**EXERCISE DESCRIPTION:**
The word "dimension" occurs in some of the lines below; copy each of those lines.
*** Opening of GIVEN DATA ***
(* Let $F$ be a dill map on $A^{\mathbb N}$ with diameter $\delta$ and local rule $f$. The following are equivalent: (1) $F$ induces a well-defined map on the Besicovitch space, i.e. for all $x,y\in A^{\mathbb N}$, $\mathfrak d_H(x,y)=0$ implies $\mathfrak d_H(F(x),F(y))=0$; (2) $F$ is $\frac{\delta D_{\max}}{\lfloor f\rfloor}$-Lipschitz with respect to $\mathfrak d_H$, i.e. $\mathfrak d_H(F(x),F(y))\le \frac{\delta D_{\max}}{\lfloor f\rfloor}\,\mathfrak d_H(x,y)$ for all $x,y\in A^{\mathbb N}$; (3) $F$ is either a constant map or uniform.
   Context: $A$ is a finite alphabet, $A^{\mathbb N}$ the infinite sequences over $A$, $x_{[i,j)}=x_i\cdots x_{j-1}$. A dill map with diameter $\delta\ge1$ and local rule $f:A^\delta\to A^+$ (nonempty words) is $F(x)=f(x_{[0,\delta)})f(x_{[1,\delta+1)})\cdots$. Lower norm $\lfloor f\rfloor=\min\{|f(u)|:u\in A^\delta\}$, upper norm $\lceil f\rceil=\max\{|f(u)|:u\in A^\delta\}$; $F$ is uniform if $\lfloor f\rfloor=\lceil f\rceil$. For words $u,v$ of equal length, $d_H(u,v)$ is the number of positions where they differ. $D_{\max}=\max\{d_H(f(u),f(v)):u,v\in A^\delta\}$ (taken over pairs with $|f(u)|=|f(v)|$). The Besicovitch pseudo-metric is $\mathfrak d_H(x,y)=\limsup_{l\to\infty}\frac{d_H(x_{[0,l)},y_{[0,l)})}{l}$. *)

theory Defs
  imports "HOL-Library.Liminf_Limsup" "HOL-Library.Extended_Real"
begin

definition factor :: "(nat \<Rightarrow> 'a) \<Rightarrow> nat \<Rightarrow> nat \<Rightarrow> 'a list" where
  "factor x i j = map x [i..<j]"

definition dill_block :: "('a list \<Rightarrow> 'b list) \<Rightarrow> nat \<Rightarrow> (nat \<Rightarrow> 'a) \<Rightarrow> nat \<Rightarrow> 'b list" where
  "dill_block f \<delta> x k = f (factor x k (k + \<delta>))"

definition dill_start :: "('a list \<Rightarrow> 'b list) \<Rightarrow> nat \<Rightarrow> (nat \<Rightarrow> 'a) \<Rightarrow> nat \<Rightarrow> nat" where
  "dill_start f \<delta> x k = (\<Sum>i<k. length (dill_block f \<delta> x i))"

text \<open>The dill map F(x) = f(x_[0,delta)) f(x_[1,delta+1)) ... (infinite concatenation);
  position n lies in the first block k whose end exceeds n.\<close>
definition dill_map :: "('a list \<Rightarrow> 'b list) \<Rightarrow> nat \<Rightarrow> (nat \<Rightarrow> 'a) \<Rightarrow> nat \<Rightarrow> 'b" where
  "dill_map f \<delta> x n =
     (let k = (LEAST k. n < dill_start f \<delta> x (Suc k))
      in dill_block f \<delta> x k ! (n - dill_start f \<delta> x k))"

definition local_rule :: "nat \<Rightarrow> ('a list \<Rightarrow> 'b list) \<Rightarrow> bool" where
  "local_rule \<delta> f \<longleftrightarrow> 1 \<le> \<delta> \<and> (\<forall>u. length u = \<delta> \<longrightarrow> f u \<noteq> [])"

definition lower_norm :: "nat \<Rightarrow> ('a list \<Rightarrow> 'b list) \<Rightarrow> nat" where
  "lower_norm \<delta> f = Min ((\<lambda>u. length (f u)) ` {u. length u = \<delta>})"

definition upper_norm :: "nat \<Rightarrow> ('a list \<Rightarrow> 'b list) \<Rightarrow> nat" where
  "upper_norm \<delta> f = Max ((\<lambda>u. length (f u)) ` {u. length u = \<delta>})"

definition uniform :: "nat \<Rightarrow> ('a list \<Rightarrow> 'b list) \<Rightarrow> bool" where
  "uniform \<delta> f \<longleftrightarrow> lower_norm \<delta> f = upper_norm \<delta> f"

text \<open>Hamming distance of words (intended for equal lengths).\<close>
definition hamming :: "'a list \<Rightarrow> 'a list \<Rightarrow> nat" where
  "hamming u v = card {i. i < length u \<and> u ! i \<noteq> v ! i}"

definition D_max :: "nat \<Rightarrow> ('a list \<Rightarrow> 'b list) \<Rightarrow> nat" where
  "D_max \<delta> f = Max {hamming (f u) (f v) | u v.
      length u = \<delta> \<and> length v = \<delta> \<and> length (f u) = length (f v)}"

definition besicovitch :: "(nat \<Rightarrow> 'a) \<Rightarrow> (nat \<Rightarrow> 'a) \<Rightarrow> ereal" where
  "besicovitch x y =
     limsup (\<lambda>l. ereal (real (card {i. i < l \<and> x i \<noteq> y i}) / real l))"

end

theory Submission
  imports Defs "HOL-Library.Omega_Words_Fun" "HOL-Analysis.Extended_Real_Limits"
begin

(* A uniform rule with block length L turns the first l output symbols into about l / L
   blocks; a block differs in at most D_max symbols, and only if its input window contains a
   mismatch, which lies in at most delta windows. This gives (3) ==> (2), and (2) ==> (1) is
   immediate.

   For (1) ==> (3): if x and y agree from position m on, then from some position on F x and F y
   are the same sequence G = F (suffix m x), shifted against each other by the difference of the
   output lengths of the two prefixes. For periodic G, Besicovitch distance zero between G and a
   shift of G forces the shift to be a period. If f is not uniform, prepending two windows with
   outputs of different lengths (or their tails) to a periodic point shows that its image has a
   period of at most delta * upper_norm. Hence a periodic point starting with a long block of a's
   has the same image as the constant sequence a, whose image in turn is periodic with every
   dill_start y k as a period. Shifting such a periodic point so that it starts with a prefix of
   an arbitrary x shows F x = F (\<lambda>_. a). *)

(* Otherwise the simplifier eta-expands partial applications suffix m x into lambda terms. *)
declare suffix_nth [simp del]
*** Close of GIVEN DATA ***
*** Opening of GIVEN DATA ***
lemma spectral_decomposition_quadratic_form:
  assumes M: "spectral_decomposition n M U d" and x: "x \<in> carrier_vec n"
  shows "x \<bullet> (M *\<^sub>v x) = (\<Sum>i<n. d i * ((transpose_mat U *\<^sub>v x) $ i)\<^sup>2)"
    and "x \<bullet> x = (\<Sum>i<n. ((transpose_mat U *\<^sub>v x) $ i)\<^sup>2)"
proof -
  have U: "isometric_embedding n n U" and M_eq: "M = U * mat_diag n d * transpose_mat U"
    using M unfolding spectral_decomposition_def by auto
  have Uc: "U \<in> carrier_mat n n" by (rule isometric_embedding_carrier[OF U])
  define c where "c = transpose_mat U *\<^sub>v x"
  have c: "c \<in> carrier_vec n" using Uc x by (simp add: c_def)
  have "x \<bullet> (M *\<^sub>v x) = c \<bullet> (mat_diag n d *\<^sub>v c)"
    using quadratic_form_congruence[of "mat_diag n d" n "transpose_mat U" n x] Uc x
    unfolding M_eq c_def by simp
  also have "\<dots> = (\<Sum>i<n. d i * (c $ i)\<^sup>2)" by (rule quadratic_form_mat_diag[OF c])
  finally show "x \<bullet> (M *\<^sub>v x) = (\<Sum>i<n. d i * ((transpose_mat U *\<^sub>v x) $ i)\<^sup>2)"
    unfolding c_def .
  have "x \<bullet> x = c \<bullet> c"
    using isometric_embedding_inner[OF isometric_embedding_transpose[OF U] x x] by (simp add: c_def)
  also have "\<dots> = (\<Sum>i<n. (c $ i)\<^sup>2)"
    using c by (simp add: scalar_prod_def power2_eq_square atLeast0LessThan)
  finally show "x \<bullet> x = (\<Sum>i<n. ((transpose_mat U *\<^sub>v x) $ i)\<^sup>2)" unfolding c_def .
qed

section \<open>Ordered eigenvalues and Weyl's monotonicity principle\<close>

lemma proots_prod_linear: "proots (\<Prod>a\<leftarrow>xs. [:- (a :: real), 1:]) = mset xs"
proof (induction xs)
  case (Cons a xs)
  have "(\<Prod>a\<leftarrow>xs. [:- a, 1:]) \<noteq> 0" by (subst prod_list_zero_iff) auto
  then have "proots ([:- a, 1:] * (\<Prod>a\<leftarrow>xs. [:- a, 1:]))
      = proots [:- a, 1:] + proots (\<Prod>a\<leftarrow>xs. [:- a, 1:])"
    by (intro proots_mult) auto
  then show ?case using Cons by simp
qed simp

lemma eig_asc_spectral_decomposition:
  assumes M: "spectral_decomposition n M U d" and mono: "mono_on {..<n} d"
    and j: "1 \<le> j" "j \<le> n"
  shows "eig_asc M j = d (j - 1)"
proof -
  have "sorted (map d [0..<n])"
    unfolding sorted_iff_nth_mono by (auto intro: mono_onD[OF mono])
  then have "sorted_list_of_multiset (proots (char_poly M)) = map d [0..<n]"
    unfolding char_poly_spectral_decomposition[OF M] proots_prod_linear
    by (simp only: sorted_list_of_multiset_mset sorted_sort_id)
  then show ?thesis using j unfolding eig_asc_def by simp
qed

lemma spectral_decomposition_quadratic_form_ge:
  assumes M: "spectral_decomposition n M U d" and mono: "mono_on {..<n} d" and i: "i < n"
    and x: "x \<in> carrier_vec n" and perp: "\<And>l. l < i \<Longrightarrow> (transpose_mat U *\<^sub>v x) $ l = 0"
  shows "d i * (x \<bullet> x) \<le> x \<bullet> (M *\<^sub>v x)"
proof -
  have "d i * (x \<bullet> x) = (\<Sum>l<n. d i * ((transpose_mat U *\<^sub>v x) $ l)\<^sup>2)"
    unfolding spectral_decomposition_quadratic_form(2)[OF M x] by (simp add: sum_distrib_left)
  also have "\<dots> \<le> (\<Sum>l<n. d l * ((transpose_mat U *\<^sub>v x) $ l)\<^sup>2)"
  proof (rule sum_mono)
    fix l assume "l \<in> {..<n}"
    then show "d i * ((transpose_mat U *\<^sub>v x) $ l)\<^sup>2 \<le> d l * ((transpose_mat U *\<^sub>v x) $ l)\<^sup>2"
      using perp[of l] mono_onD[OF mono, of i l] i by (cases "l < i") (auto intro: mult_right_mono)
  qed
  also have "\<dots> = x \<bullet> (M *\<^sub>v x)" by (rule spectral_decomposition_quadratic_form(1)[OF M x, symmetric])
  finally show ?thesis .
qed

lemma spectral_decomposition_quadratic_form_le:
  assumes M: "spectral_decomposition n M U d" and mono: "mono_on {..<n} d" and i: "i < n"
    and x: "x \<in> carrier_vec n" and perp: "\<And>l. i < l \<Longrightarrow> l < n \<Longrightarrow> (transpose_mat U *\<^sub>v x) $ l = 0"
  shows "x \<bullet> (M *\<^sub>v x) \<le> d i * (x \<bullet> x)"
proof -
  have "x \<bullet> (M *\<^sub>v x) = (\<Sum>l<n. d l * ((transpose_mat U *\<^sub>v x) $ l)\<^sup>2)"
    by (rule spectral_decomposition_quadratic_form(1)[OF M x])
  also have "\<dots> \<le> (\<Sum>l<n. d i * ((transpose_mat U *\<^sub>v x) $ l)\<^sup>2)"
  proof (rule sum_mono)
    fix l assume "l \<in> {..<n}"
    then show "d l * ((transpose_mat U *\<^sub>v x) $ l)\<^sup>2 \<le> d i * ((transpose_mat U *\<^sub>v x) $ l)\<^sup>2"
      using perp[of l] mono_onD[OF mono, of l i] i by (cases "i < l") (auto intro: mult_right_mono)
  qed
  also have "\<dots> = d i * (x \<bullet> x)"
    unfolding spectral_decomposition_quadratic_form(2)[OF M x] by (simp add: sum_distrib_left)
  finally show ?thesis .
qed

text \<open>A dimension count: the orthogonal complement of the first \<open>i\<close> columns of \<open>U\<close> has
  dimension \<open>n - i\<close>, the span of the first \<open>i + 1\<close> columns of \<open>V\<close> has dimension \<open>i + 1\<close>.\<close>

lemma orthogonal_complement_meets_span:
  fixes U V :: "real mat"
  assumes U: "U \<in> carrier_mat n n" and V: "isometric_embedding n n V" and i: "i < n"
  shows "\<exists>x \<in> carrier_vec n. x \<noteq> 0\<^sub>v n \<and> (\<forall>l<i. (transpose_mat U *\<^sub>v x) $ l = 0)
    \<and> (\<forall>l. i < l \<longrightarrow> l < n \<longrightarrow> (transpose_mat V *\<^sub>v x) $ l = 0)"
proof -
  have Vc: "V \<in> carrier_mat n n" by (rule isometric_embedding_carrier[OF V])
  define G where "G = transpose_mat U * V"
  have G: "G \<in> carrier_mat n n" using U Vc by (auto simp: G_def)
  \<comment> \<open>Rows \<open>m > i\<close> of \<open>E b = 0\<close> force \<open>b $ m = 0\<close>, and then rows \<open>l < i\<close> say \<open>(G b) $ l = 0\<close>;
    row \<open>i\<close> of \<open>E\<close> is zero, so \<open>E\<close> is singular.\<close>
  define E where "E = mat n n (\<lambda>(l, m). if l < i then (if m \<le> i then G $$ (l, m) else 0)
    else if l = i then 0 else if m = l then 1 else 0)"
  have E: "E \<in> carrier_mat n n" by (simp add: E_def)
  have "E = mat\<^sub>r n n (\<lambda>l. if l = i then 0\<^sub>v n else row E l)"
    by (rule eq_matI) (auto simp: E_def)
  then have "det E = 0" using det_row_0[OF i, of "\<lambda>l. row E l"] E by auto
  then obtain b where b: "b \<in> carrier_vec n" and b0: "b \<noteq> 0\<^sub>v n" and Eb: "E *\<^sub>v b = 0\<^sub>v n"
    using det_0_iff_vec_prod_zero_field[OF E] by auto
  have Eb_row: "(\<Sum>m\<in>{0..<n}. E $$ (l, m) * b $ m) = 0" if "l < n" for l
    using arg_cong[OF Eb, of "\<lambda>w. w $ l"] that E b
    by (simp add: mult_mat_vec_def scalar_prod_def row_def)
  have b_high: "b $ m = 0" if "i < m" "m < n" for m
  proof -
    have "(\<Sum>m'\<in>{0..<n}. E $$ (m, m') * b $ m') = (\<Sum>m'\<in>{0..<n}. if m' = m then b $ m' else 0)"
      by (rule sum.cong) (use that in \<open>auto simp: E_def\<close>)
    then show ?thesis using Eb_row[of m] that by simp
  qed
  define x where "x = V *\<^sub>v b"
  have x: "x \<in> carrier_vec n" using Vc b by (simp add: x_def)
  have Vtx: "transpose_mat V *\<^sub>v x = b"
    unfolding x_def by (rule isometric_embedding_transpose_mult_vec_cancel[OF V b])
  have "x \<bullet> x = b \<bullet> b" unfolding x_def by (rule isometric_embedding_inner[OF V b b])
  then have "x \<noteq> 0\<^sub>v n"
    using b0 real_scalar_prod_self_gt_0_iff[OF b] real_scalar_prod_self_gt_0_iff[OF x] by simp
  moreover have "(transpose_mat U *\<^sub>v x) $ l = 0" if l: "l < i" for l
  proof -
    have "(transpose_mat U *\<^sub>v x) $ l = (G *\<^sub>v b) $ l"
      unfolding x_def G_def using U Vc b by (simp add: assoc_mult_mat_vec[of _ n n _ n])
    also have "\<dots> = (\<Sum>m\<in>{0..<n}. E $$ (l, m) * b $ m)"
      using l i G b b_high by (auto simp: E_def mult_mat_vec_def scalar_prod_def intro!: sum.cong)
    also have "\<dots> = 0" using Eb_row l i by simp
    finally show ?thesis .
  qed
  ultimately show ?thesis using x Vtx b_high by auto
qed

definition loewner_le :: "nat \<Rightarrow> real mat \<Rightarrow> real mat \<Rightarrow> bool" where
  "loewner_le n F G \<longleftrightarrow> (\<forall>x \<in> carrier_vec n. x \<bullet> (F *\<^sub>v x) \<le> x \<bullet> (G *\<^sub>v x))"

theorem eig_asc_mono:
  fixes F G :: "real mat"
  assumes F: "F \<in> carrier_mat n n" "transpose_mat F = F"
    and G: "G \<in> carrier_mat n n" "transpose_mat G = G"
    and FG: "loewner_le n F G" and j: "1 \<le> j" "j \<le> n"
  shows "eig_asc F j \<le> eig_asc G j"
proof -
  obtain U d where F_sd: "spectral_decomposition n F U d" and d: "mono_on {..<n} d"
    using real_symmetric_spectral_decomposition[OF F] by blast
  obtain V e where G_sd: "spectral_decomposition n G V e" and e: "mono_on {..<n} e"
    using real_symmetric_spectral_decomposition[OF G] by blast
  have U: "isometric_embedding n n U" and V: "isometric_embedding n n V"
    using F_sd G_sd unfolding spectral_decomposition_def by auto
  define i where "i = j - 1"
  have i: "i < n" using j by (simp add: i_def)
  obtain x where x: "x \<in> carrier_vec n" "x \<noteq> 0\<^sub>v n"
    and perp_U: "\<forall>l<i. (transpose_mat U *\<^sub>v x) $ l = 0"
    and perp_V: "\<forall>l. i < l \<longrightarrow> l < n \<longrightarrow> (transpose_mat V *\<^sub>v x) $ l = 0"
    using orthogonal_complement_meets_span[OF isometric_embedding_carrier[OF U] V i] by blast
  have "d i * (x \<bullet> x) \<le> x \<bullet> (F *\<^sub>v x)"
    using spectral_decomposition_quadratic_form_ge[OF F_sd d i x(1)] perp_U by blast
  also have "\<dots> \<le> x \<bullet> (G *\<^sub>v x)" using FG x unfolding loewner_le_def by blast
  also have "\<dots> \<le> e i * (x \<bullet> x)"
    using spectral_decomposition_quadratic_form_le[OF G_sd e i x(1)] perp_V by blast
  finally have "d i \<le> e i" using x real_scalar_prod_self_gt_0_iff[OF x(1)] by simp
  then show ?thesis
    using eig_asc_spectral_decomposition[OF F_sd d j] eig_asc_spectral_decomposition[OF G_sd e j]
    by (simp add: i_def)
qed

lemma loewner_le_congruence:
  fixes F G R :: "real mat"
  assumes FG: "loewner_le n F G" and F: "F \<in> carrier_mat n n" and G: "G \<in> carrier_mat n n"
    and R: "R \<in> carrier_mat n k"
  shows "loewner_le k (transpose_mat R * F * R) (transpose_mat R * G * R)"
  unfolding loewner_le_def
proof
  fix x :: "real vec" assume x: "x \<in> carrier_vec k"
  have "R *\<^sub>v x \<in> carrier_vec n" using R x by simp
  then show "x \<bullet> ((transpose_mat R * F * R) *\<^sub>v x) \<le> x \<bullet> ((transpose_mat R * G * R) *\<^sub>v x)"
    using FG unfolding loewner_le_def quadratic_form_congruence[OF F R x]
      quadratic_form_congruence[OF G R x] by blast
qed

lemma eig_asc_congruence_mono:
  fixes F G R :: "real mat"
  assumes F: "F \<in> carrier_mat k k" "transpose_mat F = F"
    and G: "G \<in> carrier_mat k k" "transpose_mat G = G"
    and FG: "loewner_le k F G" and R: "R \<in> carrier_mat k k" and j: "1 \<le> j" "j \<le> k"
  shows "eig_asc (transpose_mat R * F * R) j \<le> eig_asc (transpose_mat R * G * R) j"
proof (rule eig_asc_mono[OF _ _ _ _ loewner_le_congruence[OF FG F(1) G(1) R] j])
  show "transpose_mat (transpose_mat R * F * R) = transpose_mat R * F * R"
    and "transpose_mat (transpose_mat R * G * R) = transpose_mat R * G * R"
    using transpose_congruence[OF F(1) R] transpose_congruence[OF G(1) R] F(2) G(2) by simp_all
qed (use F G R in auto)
*** Close of GIVEN DATA ***
*** Opening of GIVEN DATA ***
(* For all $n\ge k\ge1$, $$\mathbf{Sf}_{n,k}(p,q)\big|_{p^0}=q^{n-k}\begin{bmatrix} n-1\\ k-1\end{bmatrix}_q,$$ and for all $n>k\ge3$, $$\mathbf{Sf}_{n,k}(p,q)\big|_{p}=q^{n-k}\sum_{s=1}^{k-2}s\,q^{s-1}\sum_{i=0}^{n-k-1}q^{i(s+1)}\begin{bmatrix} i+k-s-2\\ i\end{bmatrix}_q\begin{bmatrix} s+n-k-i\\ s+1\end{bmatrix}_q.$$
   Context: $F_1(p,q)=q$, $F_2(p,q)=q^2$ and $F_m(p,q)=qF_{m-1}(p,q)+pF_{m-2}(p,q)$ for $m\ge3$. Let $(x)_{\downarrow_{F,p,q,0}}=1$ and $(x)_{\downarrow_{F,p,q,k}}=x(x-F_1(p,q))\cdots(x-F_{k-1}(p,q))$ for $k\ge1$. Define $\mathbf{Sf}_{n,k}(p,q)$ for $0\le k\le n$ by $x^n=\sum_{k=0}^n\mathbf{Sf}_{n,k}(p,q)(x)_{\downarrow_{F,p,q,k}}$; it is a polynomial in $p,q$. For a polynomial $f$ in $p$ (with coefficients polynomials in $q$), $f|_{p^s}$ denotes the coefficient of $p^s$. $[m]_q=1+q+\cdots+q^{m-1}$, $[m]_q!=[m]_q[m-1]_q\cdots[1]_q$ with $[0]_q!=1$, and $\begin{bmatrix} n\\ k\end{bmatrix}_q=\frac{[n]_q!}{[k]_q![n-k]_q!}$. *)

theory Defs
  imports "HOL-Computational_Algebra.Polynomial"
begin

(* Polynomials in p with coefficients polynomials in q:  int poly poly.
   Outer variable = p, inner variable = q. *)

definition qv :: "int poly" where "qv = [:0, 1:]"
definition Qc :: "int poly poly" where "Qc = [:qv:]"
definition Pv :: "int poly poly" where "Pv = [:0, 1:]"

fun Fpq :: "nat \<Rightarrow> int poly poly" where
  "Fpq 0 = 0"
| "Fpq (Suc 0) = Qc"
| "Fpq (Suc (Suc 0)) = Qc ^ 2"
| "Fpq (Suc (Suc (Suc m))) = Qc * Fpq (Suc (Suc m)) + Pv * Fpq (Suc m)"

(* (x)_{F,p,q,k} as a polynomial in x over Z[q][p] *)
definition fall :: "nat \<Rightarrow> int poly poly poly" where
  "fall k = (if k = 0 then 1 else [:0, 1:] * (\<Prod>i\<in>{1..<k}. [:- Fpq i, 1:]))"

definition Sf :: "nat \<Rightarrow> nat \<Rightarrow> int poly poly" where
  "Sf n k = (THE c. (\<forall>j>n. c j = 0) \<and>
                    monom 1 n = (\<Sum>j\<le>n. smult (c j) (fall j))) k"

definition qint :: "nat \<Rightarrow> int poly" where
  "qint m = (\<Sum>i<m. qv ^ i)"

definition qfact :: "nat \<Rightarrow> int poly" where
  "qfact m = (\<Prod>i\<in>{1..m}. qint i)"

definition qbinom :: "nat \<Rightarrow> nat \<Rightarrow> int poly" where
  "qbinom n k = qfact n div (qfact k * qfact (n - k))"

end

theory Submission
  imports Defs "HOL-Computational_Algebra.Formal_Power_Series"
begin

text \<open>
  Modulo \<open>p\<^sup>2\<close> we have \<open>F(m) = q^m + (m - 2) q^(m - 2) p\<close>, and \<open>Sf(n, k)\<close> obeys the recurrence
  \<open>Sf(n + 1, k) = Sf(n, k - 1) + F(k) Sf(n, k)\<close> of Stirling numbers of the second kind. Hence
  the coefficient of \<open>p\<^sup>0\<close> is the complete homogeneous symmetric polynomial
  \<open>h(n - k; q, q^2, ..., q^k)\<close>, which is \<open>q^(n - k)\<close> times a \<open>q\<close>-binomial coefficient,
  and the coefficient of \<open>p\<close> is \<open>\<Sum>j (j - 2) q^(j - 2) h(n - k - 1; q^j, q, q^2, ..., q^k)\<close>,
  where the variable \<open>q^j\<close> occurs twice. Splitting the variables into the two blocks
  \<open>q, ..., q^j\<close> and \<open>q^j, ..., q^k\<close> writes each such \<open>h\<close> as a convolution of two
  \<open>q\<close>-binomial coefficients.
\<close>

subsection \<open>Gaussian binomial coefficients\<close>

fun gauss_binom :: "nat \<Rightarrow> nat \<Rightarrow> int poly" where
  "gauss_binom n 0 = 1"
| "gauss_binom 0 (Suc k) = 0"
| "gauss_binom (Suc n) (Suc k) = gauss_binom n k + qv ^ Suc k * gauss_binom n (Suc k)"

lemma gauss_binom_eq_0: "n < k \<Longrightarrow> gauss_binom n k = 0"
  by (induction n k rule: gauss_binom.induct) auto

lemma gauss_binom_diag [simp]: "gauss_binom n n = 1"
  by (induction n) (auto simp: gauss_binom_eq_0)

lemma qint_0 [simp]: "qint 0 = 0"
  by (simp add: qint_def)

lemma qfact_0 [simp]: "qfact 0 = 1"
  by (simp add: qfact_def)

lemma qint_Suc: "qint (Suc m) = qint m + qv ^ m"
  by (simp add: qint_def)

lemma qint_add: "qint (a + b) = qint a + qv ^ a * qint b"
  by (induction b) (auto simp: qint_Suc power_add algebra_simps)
*** Close of GIVEN DATA ***
**RESULT OF THIS EXERCISE:**
text \<open>A dimension count: the orthogonal complement of the first \<open>i\<close> columns of \<open>U\<close> has
  dimension \<open>n - i\<close>, the span of the first \<open>i + 1\<close> columns of \<open>V\<close> has dimension \<open>i + 1\<close>.\<close>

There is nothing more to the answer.